Records shown ::
(* Let $n\ge1$, let $\mathcal{Q}\subseteq H^2(\mathbb{T}^n)$ be a quotient module and $\theta_{\mathcal{Q}}=P_{\mathcal{Q}}1$. If $\theta_{\mathcal{Q}}\in H^\infty(\mathbb{D}^n)$, then $S_{\theta_{\mathcal{Q}}}=P_{\mathcal{Q}}T_{\theta_{\mathcal{Q}}}|_{\mathcal{Q}}=I_{\mathcal{Q}}$.
   Context: $H^2(\mathbb{T}^n)$ is the Hardy space of the polydisc $\mathbb{D}^n$; $T_\varphi f=\varphi f$ for $\varphi\in H^\infty(\mathbb{D}^n)$, $T_{z_i}$ multiplication by $z_i$. A closed subspace $\mathcal{Q}$ is a quotient module if $T_{z_i}^*\mathcal{Q}\subseteq\mathcal{Q}$ for all $i$; $P_{\mathcal{Q}}$ is the orthogonal projection onto $\mathcal{Q}$. *)

theory Defs
  imports "HOL-Analysis.Analysis"
begin

text \<open>Elements of H^2 of the polydisc D^n are represented by their Taylor coefficient
  families indexed by multi-indices alpha :: 'n => nat, where the finite type 'n has
  n elements (n >= 1 automatically).\<close>

type_synonym 'n coeffs = "('n \<Rightarrow> nat) \<Rightarrow> complex"

definition H2 :: "('n::finite) coeffs set" where
  "H2 = {f. (\<lambda>\<alpha>. (cmod (f \<alpha>))\<^sup>2) summable_on UNIV}"

definition h2_inner :: "('n::finite) coeffs \<Rightarrow> 'n coeffs \<Rightarrow> complex" where
  "h2_inner f g = (\<Sum>\<^sub>\<infinity>\<alpha>. f \<alpha> * cnj (g \<alpha>))"

definition h2_norm :: "('n::finite) coeffs \<Rightarrow> real" where
  "h2_norm f = sqrt (\<Sum>\<^sub>\<infinity>\<alpha>. (cmod (f \<alpha>))\<^sup>2)"

definition h2_eval :: "('n::finite) coeffs \<Rightarrow> ('n \<Rightarrow> complex) \<Rightarrow> complex" where
  "h2_eval f z = (\<Sum>\<^sub>\<infinity>\<alpha>. f \<alpha> * (\<Prod>i\<in>UNIV. z i ^ \<alpha> i))"

definition polydisc :: "('n::finite \<Rightarrow> complex) set" where
  "polydisc = {z. \<forall>i. norm (z i) < 1}"

definition Hinf :: "('n::finite) coeffs set" where
  "Hinf = {f \<in> H2. \<exists>M. \<forall>z\<in>polydisc. cmod (h2_eval f z) \<le> M}"

text \<open>Product of power series (Cauchy product): T_phi f = phi f.\<close>
definition mult :: "('n::finite) coeffs \<Rightarrow> 'n coeffs \<Rightarrow> 'n coeffs" where
  "mult \<phi> f = (\<lambda>\<alpha>. \<Sum>\<beta>\<in>{\<beta>. \<beta> \<le> \<alpha>}. \<phi> \<beta> * f (\<lambda>i. \<alpha> i - \<beta> i))"

definition Tz_adj :: "'n::finite \<Rightarrow> 'n coeffs \<Rightarrow> 'n coeffs" where
  "Tz_adj i f = (\<lambda>\<alpha>. f (\<alpha>(i := Suc (\<alpha> i))))"

definition closed_subspace :: "('n::finite) coeffs set \<Rightarrow> bool" where
  "closed_subspace Q \<longleftrightarrow> Q \<subseteq> H2 \<and> (\<lambda>\<alpha>. 0) \<in> Q \<and>
     (\<forall>f\<in>Q. \<forall>g\<in>Q. (\<lambda>\<alpha>. f \<alpha> + g \<alpha>) \<in> Q) \<and> (\<forall>c. \<forall>f\<in>Q. (\<lambda>\<alpha>. c * f \<alpha>) \<in> Q) \<and>
     (\<forall>x f. (\<forall>k. x k \<in> Q) \<and> f \<in> H2 \<and> (\<lambda>k. h2_norm (\<lambda>\<alpha>. x k \<alpha> - f \<alpha>)) \<longlonglongrightarrow> 0 \<longrightarrow> f \<in> Q)"

definition quotient_module :: "('n::finite) coeffs set \<Rightarrow> bool" where
  "quotient_module Q \<longleftrightarrow> closed_subspace Q \<and> (\<forall>i. \<forall>f\<in>Q. Tz_adj i f \<in> Q)"

definition proj :: "('n::finite) coeffs set \<Rightarrow> 'n coeffs \<Rightarrow> 'n coeffs" where
  "proj Q f = (THE g. g \<in> Q \<and> (\<forall>h\<in>Q. h2_inner (\<lambda>\<alpha>. f \<alpha> - g \<alpha>) h = 0))"

definition one :: "('n::finite) coeffs" where
  "one = (\<lambda>\<alpha>. if \<alpha> = (\<lambda>i. 0) then 1 else 0)"

definition compression :: "('n::finite) coeffs set \<Rightarrow> 'n coeffs \<Rightarrow> 'n coeffs \<Rightarrow> 'n coeffs" where
  "compression Q \<phi> f = proj Q (mult \<phi> f)"

end

theory Submission
  imports Defs
begin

Task prompt ::
Every line above from the line with "n elements (n >= 1 automatically).\<close>" to the line with "sqrt (\<Sum>\<^sub>\<infinity>\<alpha>. (cmod", both included, must be reproduced exactly, and no other line may appear.

Answer to this task ::
  n elements (n >= 1 automatically).\<close>

type_synonym 'n coeffs = "('n \<Rightarrow> nat) \<Rightarrow> complex"

definition H2 :: "('n::finite) coeffs set" where
  "H2 = {f. (\<lambda>\<alpha>. (cmod (f \<alpha>))\<^sup>2) summable_on UNIV}"

definition h2_inner :: "('n::finite) coeffs \<Rightarrow> 'n coeffs \<Rightarrow> complex" where
  "h2_inner f g = (\<Sum>\<^sub>\<infinity>\<alpha>. f \<alpha> * cnj (g \<alpha>))"

definition h2_norm :: "('n::finite) coeffs \<Rightarrow> real" where
  "h2_norm f = sqrt (\<Sum>\<^sub>\<infinity>\<alpha>. (cmod (f \<alpha>))\<^sup>2)"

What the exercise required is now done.